Building up your savings account takes time and discipline. It is very easy to spend that savings on going out, nice clothes, and many other things that ultimately leave you not much to show for it. Consider sticking to the 10/10/80 rule. Pay God first. Pay yourself second. Pay your bills third. This says the first 10% of your income goes to tithe to your local church. This is Scriptural in both the Old and New Testament and a best-practice for Believers. The second 10% goes into a savings account. This should not be touched unless you have an actual emergency. The final 80% is what you have left to pay your bills and live off of. This can easily be done, and I have actually had many people come back to tell me they went to 10/20/70 pretty easily as well, which allows you to obviously save even faster.

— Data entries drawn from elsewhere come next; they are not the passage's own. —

lemma normal_density_mult_divide:
  assumes "0 < \<sigma>"
  shows "normal_density a \<sigma> t * normal_density b \<sigma> t / normal_density c \<sigma> t
     = exp ((a - c) * (b - c) / \<sigma>\<^sup>2) * normal_density (a + b - c) \<sigma> t"
proof -
  define q where "q = sqrt (2 * pi * \<sigma>\<^sup>2)"
  have "q > 0" using assms by (simp add: q_def)
  have exponents: "-(t - a)\<^sup>2 / (2 * \<sigma>\<^sup>2) + -(t - b)\<^sup>2 / (2 * \<sigma>\<^sup>2) - -(t - c)\<^sup>2 / (2 * \<sigma>\<^sup>2)
     = (a - c) * (b - c) / \<sigma>\<^sup>2 + -(t - (a + b - c))\<^sup>2 / (2 * \<sigma>\<^sup>2)"
    using assms by (simp add: field_simps power2_eq_square)
  have "normal_density a \<sigma> t * normal_density b \<sigma> t / normal_density c \<sigma> t
     = 1 / q * (exp (-(t - a)\<^sup>2 / (2 * \<sigma>\<^sup>2)) * exp (-(t - b)\<^sup>2 / (2 * \<sigma>\<^sup>2)) / exp (-(t - c)\<^sup>2 / (2 * \<sigma>\<^sup>2)))"
  proof -
    have "\<And>X Y Z. Z \<noteq> 0 \<Longrightarrow> (1 / q * X) * (1 / q * Y) / (1 / q * Z) = 1 / q * (X * Y / Z)"
      using \<open>q > 0\<close> by (simp add: field_simps power2_eq_square)
    then show ?thesis unfolding normal_density_def q_def[symmetric] by simp
  qed
  also have "\<dots> = 1 / q * exp ((a - c) * (b - c) / \<sigma>\<^sup>2 + -(t - (a + b - c))\<^sup>2 / (2 * \<sigma>\<^sup>2))"
    unfolding exponents[symmetric] by (simp only: exp_add exp_diff)
  also have "\<dots> = exp ((a - c) * (b - c) / \<sigma>\<^sup>2) * normal_density (a + b - c) \<sigma> t"
    unfolding normal_density_def q_def[symmetric] by (simp only: exp_add) simp
  finally show ?thesis .
qed

lemma nn_integral_normal_density_ratio_mult:
  assumes "0 < \<sigma>"
  shows "(\<integral>\<^sup>+ t. ennreal (normal_density a \<sigma> t / normal_density a0 \<sigma> t * (normal_density b \<sigma> t / normal_density a0 \<sigma> t))
            \<partial>density lborel (normal_density a0 \<sigma>))
       = ennreal (exp ((a - a0) * (b - a0) / \<sigma>\<^sup>2))"
proof -
  have "(\<integral>\<^sup>+ t. ennreal (normal_density a \<sigma> t / normal_density a0 \<sigma> t * (normal_density b \<sigma> t / normal_density a0 \<sigma> t))
            \<partial>density lborel (normal_density a0 \<sigma>))
      = (\<integral>\<^sup>+ t. ennreal (normal_density a0 \<sigma> t) * ennreal (normal_density a \<sigma> t / normal_density a0 \<sigma> t
            * (normal_density b \<sigma> t / normal_density a0 \<sigma> t)) \<partial>lborel)"
    by (intro nn_integral_density) auto
  also have "\<dots> = (\<integral>\<^sup>+ t. ennreal (exp ((a - a0) * (b - a0) / \<sigma>\<^sup>2)) * ennreal (normal_density (a + b - a0) \<sigma> t) \<partial>lborel)"
  proof (intro nn_integral_cong)
    fix t
    have pos: "normal_density a0 \<sigma> t > 0" using assms by (rule normal_density_pos)
    then have "normal_density a0 \<sigma> t * (normal_density a \<sigma> t / normal_density a0 \<sigma> t
          * (normal_density b \<sigma> t / normal_density a0 \<sigma> t))
        = normal_density a \<sigma> t * normal_density b \<sigma> t / normal_density a0 \<sigma> t"
      by (simp add: field_simps power2_eq_square)
    also have "\<dots> = exp ((a - a0) * (b - a0) / \<sigma>\<^sup>2) * normal_density (a + b - a0) \<sigma> t"
      using assms by (rule normal_density_mult_divide)
    finally show "ennreal (normal_density a0 \<sigma> t) * ennreal (normal_density a \<sigma> t / normal_density a0 \<sigma> t
          * (normal_density b \<sigma> t / normal_density a0 \<sigma> t))
        = ennreal (exp ((a - a0) * (b - a0) / \<sigma>\<^sup>2)) * ennreal (normal_density (a + b - a0) \<sigma> t)"
      using pos by (simp add: ennreal_mult[symmetric])
  qed
  also have "\<dots> = ennreal (exp ((a - a0) * (b - a0) / \<sigma>\<^sup>2))"
    using assms by (simp add: nn_integral_cmult nn_integral_eq_integral[of _ "normal_density _ \<sigma>"])
  finally show ?thesis .
qed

Myth #6: I don’t have the time to get started on the process.
A homeowner application can often be completed with the ease and convenience of a home computer, at any time, day or night. On average, most applications take less than 15 minutes to complete. Once the application is complete, the lender will contact you within a few business days to give you appropriate next steps, including permission to pull your credit.
Once your credit is pulled, and your score is acceptable, it’s time to look at your loan options. There are many different programs out there with different guidelines, down payment options, income requirements, and debt ratio requirements. A strong mortgage lender will take the time to evaluate all options, explain them, and keep your best interest in mind.
Myth #7: Finding the right house can be difficult.
Select a realtor that will help you find your perfect home! Their job, literally, is to comb the newspapers, websites, and various MLS listings (an internal database they have access to), to find you potential homes that meet your specifications. That’s right. You outline what you want in a home, including price range, number of bedrooms, geographic location, school district, etc. And each home selection process is unique.
Finally, once you have followed all the aforementioned steps and are now pre-approved with a lender, you will be able to notify your realtor of the appropriate price range to search within.